**Work instruction**
In the records below, which lines include "else"? Copy them.

**Saved data entries**
lemma lookup_eps_Qset_lead:
  fixes p :: "'k::field_char_0 mpoly"
  assumes "1 \<le> n" "1 \<le> l" "p \<in> Qset n \<alpha> \<beta>"
  shows "lookup (eps n l p) (single 0 (\<alpha> + (n - 1) * l * \<beta>) + single n \<beta>) \<noteq> 0"
proof -
  define N where "N = (n - 1) * \<beta>"
  define e where "e = single 0 (\<alpha> + l * N) + single n \<beta>"
  have "keys e \<subseteq> {0, n}"
    using keys_add[of "single 0 (\<alpha> + l * N)" "single n \<beta>"] by (auto simp: e_def split: if_splits)
  moreover have "lookup e 0 = \<alpha> + l * N" "xdeg n e = \<beta>" "xrank n e = 0"
    using assms(1) by (auto simp: e_def lookup_add lookup_single xwdeg_add xwdeg_single)
  ultimately have e: "keys e \<subseteq> {0..n}" "lookup e 0 = \<alpha> + l * N" "xdeg n e = \<beta>" "xrank n e = 0"
    by auto
  have other_powers: "lookup ((tlD n l ^^ i) p) e = 0" if "i \<noteq> N" for i
  proof (rule ccontr)
    assume "lookup ((tlD n l ^^ i) p) e \<noteq> 0"
    then have "e \<in> keys ((tlD n l ^^ i) p)"
      by (simp add: in_keys_iff)
    from keys_tlD_pow_Qset[OF assms(3) this] e have "l * N \<le> l * i" "i \<le> N"
      by (auto simp: N_def)
    with that assms(2) show False
      by simp
  qed
  have "{i. (tlD n l ^^ i) p \<noteq> 0} \<subseteq> {..N}"
    using tlD_pow_Qset_eq_0[OF assms(3)] unfolding N_def by (auto simp: not_less[symmetric])
  then have "lookup (eps n l p) e = inverse (of_nat (fact N)) * lookup ((tlD n l ^^ N) p) e"
    unfolding eps_eq_expE_tlD
    by (intro lookup_expE_single_power other_powers) (auto intro: finite_subset)
  moreover obtain c where "c > 0"
    "lookup ((tlD n l ^^ N) p) e = of_nat c * lookup p (single 0 \<alpha> + single 1 \<beta>)"
    using lookup_tlD_pow_extremal[OF assms(1) e(1,2), of p] e(3,4) by (auto simp: N_def)
  moreover have "lookup p (single 0 \<alpha> + single 1 \<beta>) \<noteq> 0"
    using assms(3) by (simp add: Qset_def lt_is_def in_keys_iff)
  ultimately have "lookup (eps n l p) e \<noteq> 0"
    by simp
  then show ?thesis
    by (simp add: e_def N_def ac_simps)
qed

lemma lookup_0_less_eps_Qset:
  assumes "2 \<le> n" "1 \<le> l" "p \<in> Qset n \<alpha> \<beta>" "m \<in> keys (eps n l p)"
    and "m \<noteq> single 0 (\<alpha> + (n - 1) * l * \<beta>) + single n \<beta>"
  shows "lookup m 0 < \<alpha> + (n - 1) * l * \<beta>"
proof (rule ccontr)
  assume "\<not> ?thesis"
  then have top: "\<alpha> + l * ((n - 1) * \<beta>) \<le> lookup m 0"
    by (simp add: ac_simps)
  obtain i where i: "i \<le> (n - 1) * \<beta>" "keys m \<subseteq> {0..n}" "lookup m 0 \<le> \<alpha> + l * i"
    "xdeg n m \<le> \<beta>" "xrank n m + i \<le> (n - 1) * xdeg n m"
    using keys_eps_Qset[OF assms(3,4)] by blast
  have "l * ((n - 1) * \<beta>) \<le> l * i"
    using top i(3) by linarith
  then have "i = (n - 1) * \<beta>"
    using i(1) assms(2) by simp
  moreover have "(n - 1) * xdeg n m \<le> (n - 1) * \<beta>"
    using i(4) by simp
  ultimately have "xrank n m = 0" "(n - 1) * \<beta> \<le> (n - 1) * xdeg n m"
    using i(5) by linarith+
  moreover from this(2) have "xdeg n m = \<beta>"
    using i(4) assms(1) by (simp add: le_antisym)
  moreover have "lookup m 0 = \<alpha> + (n - 1) * l * \<beta>"
    using top i(3) \<open>i = (n - 1) * \<beta>\<close> by (simp add: ac_simps)
  ultimately have "m = single 0 (\<alpha> + (n - 1) * l * \<beta>) + single n \<beta>"
    using xrank_eq_0[OF i(2)] assms(1) by simp
  with assms(5) show False ..
qed

lemma lt_is_eps_Qset:
  fixes p :: "'k::field_char_0 mpoly"
  assumes "2 \<le> n" "1 \<le> l" "p \<in> Qset n \<alpha> \<beta>"
  shows "lt_is n (eps n l p) (single 0 (\<alpha> + (n - 1) * l * \<beta>) + single n \<beta>)"
  unfolding lt_is_def
proof (intro conjI ballI impI)
  show "single 0 (\<alpha> + (n - 1) * l * \<beta>) + single n \<beta> \<in> keys (eps n l p)"
    using lookup_eps_Qset_lead[OF _ assms(2,3)] assms(1) by (simp add: in_keys_iff)
  fix m assume "m \<in> keys (eps n l p)" "m \<noteq> single 0 (\<alpha> + (n - 1) * l * \<beta>) + single n \<beta>"
  then show "lex_less n m (single 0 (\<alpha> + (n - 1) * l * \<beta>) + single n \<beta>)"
    using lookup_0_less_eps_Qset[OF assms] assms(1)
    by (intro lex_less_if_lookup_0_less) (simp add: lookup_add lookup_single)
qed

lemma in_ring_eps_Qset: "p \<in> Qset n \<alpha> \<beta> \<Longrightarrow> in_ring n (eps n l p)"
  unfolding in_ring_def by (metis keys_eps_Qset)

lemma wdeg_w1_eps_Qset:
  assumes "p \<in> Qset n \<alpha> \<beta>" "eps n l p \<noteq> 0"
  shows "wdeg n w1 (eps n l p) \<le> \<alpha> + (n - 1) * l * \<beta> + \<beta>"
proof (rule wdeg_le[OF assms(2)])
  fix m assume "m \<in> keys (eps n l p)"
  then obtain i where "i \<le> (n - 1) * \<beta>" "lookup m 0 \<le> \<alpha> + l * i" "xdeg n m \<le> \<beta>"
    using keys_eps_Qset[OF assms(1)] by metis
  moreover from this(1) have "l * i \<le> (n - 1) * l * \<beta>"
    by (simp add: ac_simps)
  ultimately show "(\<Sum>j\<in>{0..n}. lookup m j * w1 j) \<le> \<alpha> + (n - 1) * l * \<beta> + \<beta>"
    unfolding sum_w1 by linarith
qed

lemma wdeg_w2_eps_Qset:
  assumes "3 \<le> n" "1 \<le> l" "p \<in> Qset n \<alpha> \<beta>" "eps n l p \<noteq> 0"
  shows "wdeg n (w2 n) (eps n l p) \<le> (n - 2) * (\<alpha> + (n - 1) * l * \<beta>) + (n - 1) * \<beta>"
proof (rule wdeg_le[OF assms(4)])
  fix m assume "m \<in> keys (eps n l p)"
  then obtain i where i: "i \<le> (n - 1) * \<beta>" "lookup m 0 \<le> \<alpha> + l * i" "xdeg n m \<le> \<beta>"
    "xrank n m + i \<le> (n - 1) * xdeg n m"
    using keys_eps_Qset[OF assms(3)] by metis
  define N where "N = (n - 1) * \<beta>"
  define K where "K = (n - 2) * l"
  have "1 \<le> K"
    using assms(1,2) by (simp add: K_def)
  have "xrank n m \<le> N - i"
    using i(3,4) mult_le_mono2[OF i(3), of "n - 1"] unfolding N_def by linarith
  also have "\<dots> \<le> K * (N - i)"
    using \<open>1 \<le> K\<close> by simp
  finally have "(n - 2) * lookup m 0 + xrank n m \<le> (n - 2) * \<alpha> + K * i + K * (N - i)"
    using mult_le_mono2[OF i(2), of "n - 2"] unfolding K_def by (simp add: algebra_simps)
  also have "\<dots> = (n - 2) * \<alpha> + K * N"
    using i(1) unfolding N_def by (simp flip: add.assoc add_mult_distrib2)
  also have "\<dots> = (n - 2) * (\<alpha> + (n - 1) * l * \<beta>)"
    unfolding K_def N_def by (simp add: distrib_left ac_simps)
  finally show "(\<Sum>j\<in>{0..n}. lookup m j * w2 n j) \<le> (n - 2) * (\<alpha> + (n - 1) * l * \<beta>) + (n - 1) * \<beta>"
    unfolding sum_w2 using mult_le_mono2[OF i(3), of "n - 1"] by linarith
qed

theorem lemma5p3:
  fixes n l \<alpha> \<beta> :: nat and p :: "'k::field_char_0 mpoly"
  assumes "n \<ge> 3" and "l \<ge> 1" and "\<alpha> \<ge> 1" and "\<beta> \<ge> 1"
    and "p \<in> Qset n \<alpha> \<beta>"
  shows "eps n l p \<in> Pset n (\<alpha> + (n - 1) * l * \<beta>) \<beta>"
proof -
  have lead: "lt_is n (eps n l p) (single 0 (\<alpha> + (n - 1) * l * \<beta>) + single n \<beta>)"
    using lt_is_eps_Qset[OF _ assms(2,5)] assms(1) by simp
  then have "eps n l p \<noteq> 0"
    unfolding lt_is_def by auto
  with lead show ?thesis
    unfolding Pset_def
    using in_ring_eps_Qset[OF assms(5)] wdeg_w1_eps_Qset[OF assms(5)]
      wdeg_w2_eps_Qset[OF assms(1,2,5)] by simp
qed

end
lemma min_prime_prime_pow_Inter_iff:
  assumes fin: "\<forall>C\<in>F. finite C \<and> C \<subseteq> V"
    and antichain: "\<forall>C\<in>F. \<forall>C'\<in>F. C' \<subseteq> C \<longrightarrow> C' = C"
  shows "min_prime V (prime_pow_Inter V F 1) D \<longleftrightarrow> D \<in> F"
proof
  assume "min_prime V (prime_pow_Inter V F 1) D"
  then have "\<exists>C\<in>F. C \<subseteq> D"
    and minimal: "\<forall>D'. D' \<subset> D \<longrightarrow> \<not> (D' \<subseteq> V \<and> (\<exists>C\<in>F. C \<subseteq> D'))"
    unfolding min_prime_def contained_in_prime_prime_pow_Inter_iff[OF fin] by blast+
  then obtain C where C: "C \<in> F" "C \<subseteq> D"
    by blast
  moreover have "C \<subseteq> V"
    using fin C(1) by blast
  ultimately have "\<not> C \<subset> D"
    using minimal by blast
  with C show "D \<in> F"
    by (metis psubsetI)
next
  assume D: "D \<in> F"
  then have "D \<subseteq> V"
    using fin by blast
  moreover have "\<not> C \<subseteq> D'" if "D' \<subset> D" "C \<in> F" for D' C
  proof
    assume "C \<subseteq> D'"
    with that antichain D have "C = D"
      by (meson psubset_imp_subset subset_trans)
    with \<open>C \<subseteq> D'\<close> \<open>D' \<subset> D\<close> show False
      by blast
  qed
  ultimately show "min_prime V (prime_pow_Inter V F 1) D"
    unfolding min_prime_def contained_in_prime_prime_pow_Inter_iff[OF fin] using D by blast
qed

lemma sqfree_symb_pow_prime_pow_Inter:
  assumes "\<forall>C\<in>F. finite C \<and> C \<subseteq> V"
    and "\<forall>C\<in>F. \<forall>C'\<in>F. C' \<subseteq> C \<longrightarrow> C' = C"
  shows "sqfree_symb_pow V (prime_pow_Inter V F 1) s = prime_pow_Inter V F s"
  unfolding sqfree_symb_pow_def min_prime_prime_pow_Inter_iff[OF assms]
  by (auto simp: prime_pow_Inter_def)

lemma edges_prod_Nil [simp]: "edges_prod [] = (\<lambda>_. 0)"
  by (simp add: edges_prod_def)

lemma edges_prod_Cons: "edges_prod (e # L) x = edge_mon e x + edges_prod L x"
  by (simp add: edges_prod_def)

lemma edges_prod_in_mons: "\<forall>e\<in>set L. e \<subseteq> V \<Longrightarrow> edges_prod L \<in> mons V"
  by (induction L) (auto simp: mons_def edges_prod_Cons edge_mon_def)

lemma sum_edge_mon: "finite C \<Longrightarrow> (\<Sum>x\<in>C. edge_mon e x) = card (C \<inter> e)"
  by (simp add: edge_mon_def sum.If_cases Collect_mem_eq)

lemma card_Int_doubleton:
  assumes "a \<noteq> b" "{a, b} \<inter> C \<noteq> {}"
  shows "card (C \<inter> {a, b}) = (if {a, b} \<subseteq> C then 2 else 1)"
proof (cases "a \<in> C")
  case True
  then show ?thesis
    by (cases "b \<in> C") (use assms in \<open>simp_all add: Int_insert_right\<close>)
next
  case False
  then show ?thesis
    by (cases "b \<in> C") (use assms in \<open>simp_all add: Int_insert_right\<close>)
qed

lemma length_le_sum_edges_prod:
  "finite C \<Longrightarrow> \<forall>e\<in>set L. e \<inter> C \<noteq> {} \<Longrightarrow> length L \<le> (\<Sum>x\<in>C. edges_prod L x)"
proof (induction L)
  case Nil
  then show ?case by simp
next
  case (Cons e L)
  have "C \<inter> e \<noteq> {}"
    using Cons.prems by auto
  then have "1 \<le> card (C \<inter> e)"
    using Cons.prems(1) by (simp add: Suc_le_eq card_gt_0_iff)
  moreover have "(\<Sum>x\<in>C. edges_prod (e # L) x) = card (C \<inter> e) + (\<Sum>x\<in>C. edges_prod L x)"
    using Cons.prems(1) by (simp add: edges_prod_Cons sum.distrib sum_edge_mon)
  moreover have "length L \<le> (\<Sum>x\<in>C. edges_prod L x)"
    using Cons.IH Cons.prems by simp
  ultimately show ?case
    by simp
qed

lemma cover_degree_edges_prod_Cons_iff:
  assumes C: "vertex_cover V E C" "finite C"
    and e: "e \<in> E" "e = {a, b}" "a \<noteq> b"
    and L: "set L \<subseteq> E" "length L + 1 = s"
  shows "s + 1 \<le> (\<Sum>x\<in>C. m x + edges_prod (e # L) x) \<longleftrightarrow>
         (\<not> e \<subseteq> C \<longrightarrow> s \<le> (\<Sum>x\<in>C. m x + edges_prod L x))"
proof -
  have cover: "\<forall>e\<in>E. e \<inter> C \<noteq> {}"
    using C(1) by (simp add: vertex_cover_def)
  have "{a, b} \<inter> C \<noteq> {}"
    using cover e(1,2) by blast
  then have card_e: "card (C \<inter> e) = (if e \<subseteq> C then 2 else 1)"
    unfolding e(2) by (rule card_Int_doubleton[OF e(3)])
  have "length L \<le> (\<Sum>x\<in>C. edges_prod L x)"
    using length_le_sum_edges_prod[OF C(2)] cover L(1) by (meson subsetD)
  then have rest: "s \<le> 1 + (\<Sum>x\<in>C. m x + edges_prod L x)"
    using L(2) by (simp add: sum.distrib)
  have "(\<Sum>x\<in>C. m x + edges_prod (e # L) x) = card (C \<inter> e) + (\<Sum>x\<in>C. m x + edges_prod L x)"
    using C(2) by (simp add: edges_prod_Cons sum.distrib sum_edge_mon)
  then show ?thesis
    using card_e rest by simp
qed

lemma simple_graph_edgeE:
  assumes "simple_graph V E" "e \<in> E"
  obtains a b where "a \<in> V" "b \<in> V" "a \<noteq> b" "e = {a, b}"
  using assms unfolding simple_graph_def by blast

lemma simple_graph_edge_subset: "simple_graph V E \<Longrightarrow> e \<in> E \<Longrightarrow> e \<subseteq> V"
  by (erule simple_graph_edgeE) auto

lemma min_vertex_cover_finite: "simple_graph V E \<Longrightarrow> min_vertex_cover V E C \<Longrightarrow> finite C"
  unfolding simple_graph_def min_vertex_cover_def vertex_cover_def by (meson finite_subset)

lemma colon_edge_symb_pow_edges_prod_Cons:
  assumes G: "simple_graph V E" and e: "e \<in> E" and L: "set L \<subseteq> E" and s: "length L + 1 = s"
  shows "colon V (edge_symb_pow V E (s + 1)) (edges_prod (e # L)) =
         colon V (prime_pow_Inter V {C. min_vertex_cover V E C \<and> \<not> e \<subseteq> C} s) (edges_prod L)"
proof -
  obtain a b where ab: "e = {a, b}" "a \<noteq> b"
    using simple_graph_edgeE[OF G e] by blast
  have edges_in_V: "\<forall>e'\<in>set (e # L). e' \<subseteq> V"
    using simple_graph_edge_subset[OF G] e L by auto
  have "edges_prod (e # L) \<in> mons V"
    using edges_in_V by (rule edges_prod_in_mons)
  moreover have "edges_prod L \<in> mons V"
    using edges_in_V by (intro edges_prod_in_mons) simp
  ultimately have mons_sums: "m \<in> mons V \<Longrightarrow>
      (\<lambda>x. m x + edges_prod L x) \<in> mons V \<and> (\<lambda>x. m x + edges_prod (e # L) x) \<in> mons V" for m
    by (simp add: add_mem_mons)
  have degree: "s + 1 \<le> (\<Sum>x\<in>C. m x + edges_prod (e # L) x) \<longleftrightarrow>
      (\<not> e \<subseteq> C \<longrightarrow> s \<le> (\<Sum>x\<in>C. m x + edges_prod L x))"
    if C: "min_vertex_cover V E C" for C m
    using cover_degree_edges_prod_Cons_iff[OF C[unfolded min_vertex_cover_def, THEN conjunct1]
        min_vertex_cover_finite[OF G C] e ab(1,2) L s] .
  have lhs: "m \<in> colon V (edge_symb_pow V E (s + 1)) (edges_prod (e # L)) \<longleftrightarrow>
      m \<in> mons V \<and>
      (\<forall>C. min_vertex_cover V E C \<longrightarrow> s + 1 \<le> (\<Sum>x\<in>C. m x + edges_prod (e # L) x))" for m
    using mons_sums[of m] by (auto simp: colon_def edge_symb_pow_def prime_pow_def)
  have rhs: "m \<in> colon V (prime_pow_Inter V {C. min_vertex_cover V E C \<and> \<not> e \<subseteq> C} s)
        (edges_prod L) \<longleftrightarrow>
      m \<in> mons V \<and>
      (\<forall>C. min_vertex_cover V E C \<and> \<not> e \<subseteq> C \<longrightarrow> s \<le> (\<Sum>x\<in>C. m x + edges_prod L x))" for m
    using mons_sums[of m] by (auto simp: colon_def prime_pow_Inter_def prime_pow_def)
  show ?thesis
    unfolding set_eq_iff lhs rhs using degree by (metis (no_types, lifting))
qed

lemma colon_edge_symb_pow_2_edge_mon:
  assumes "simple_graph V E" and "e \<in> E"
  shows "colon V (edge_symb_pow V E 2) (edge_mon e) =
         prime_pow_Inter V {C. min_vertex_cover V E C \<and> \<not> e \<subseteq> C} 1"
proof -
  have "edges_prod [e] = edge_mon e"
    by (simp add: edges_prod_def)
  moreover have "prime_pow_Inter V F 1 \<subseteq> mons V" for F
    by (auto simp: prime_pow_Inter_def)
  ultimately show ?thesis
    using colon_edge_symb_pow_edges_prod_Cons[OF assms, of "[]" 1, unfolded one_add_one]
    by (simp add: colon_zero)
qed

theorem lemma3p3:
  fixes V :: "'a set" and E :: "'a set set" and s :: nat and es :: "'a set list"
  assumes "simple_graph V E"
    and "1 \<le> s"
    and "length es = s"
    and "set es \<subseteq> E"
  shows "colon V (edge_symb_pow V E (s + 1)) (edges_prod es) =
         colon V (sqfree_symb_pow V (colon V (edge_symb_pow V E 2) (edge_mon (hd es))) s)
                 (edges_prod (tl es))"
proof -
  obtain e L where es: "es = e # L" and s: "length L + 1 = s"
    using assms(2,3) by (cases es) auto
  have e: "e \<in> E" and L: "set L \<subseteq> E"
    using assms(4) es by auto
  define F where "F = {C. min_vertex_cover V E C \<and> \<not> e \<subseteq> C}"
  have F_finite: "\<forall>C\<in>F. finite C \<and> C \<subseteq> V"
    using min_vertex_cover_finite[OF assms(1)]
    by (auto simp: F_def min_vertex_cover_def vertex_cover_def)
  have F_antichain: "\<forall>C\<in>F. \<forall>C'\<in>F. C' \<subseteq> C \<longrightarrow> C' = C"
    by (auto simp: F_def min_vertex_cover_def)
  have "sqfree_symb_pow V (colon V (edge_symb_pow V E 2) (edge_mon e)) s = prime_pow_Inter V F s"
    unfolding colon_edge_symb_pow_2_edge_mon[OF assms(1) e, folded F_def]
    by (rule sqfree_symb_pow_prime_pow_Inter[OF F_finite F_antichain])
  then show ?thesis
    using colon_edge_symb_pow_edges_prod_Cons[OF assms(1) e L s, folded F_def] by (simp add: es)
qed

**Written response**
  shows "card (C \<inter> {a, b}) = (if {a, b} \<subseteq> C then 2 else 1)"
  then have card_e: "card (C \<inter> e) = (if e \<subseteq> C then 2 else 1)"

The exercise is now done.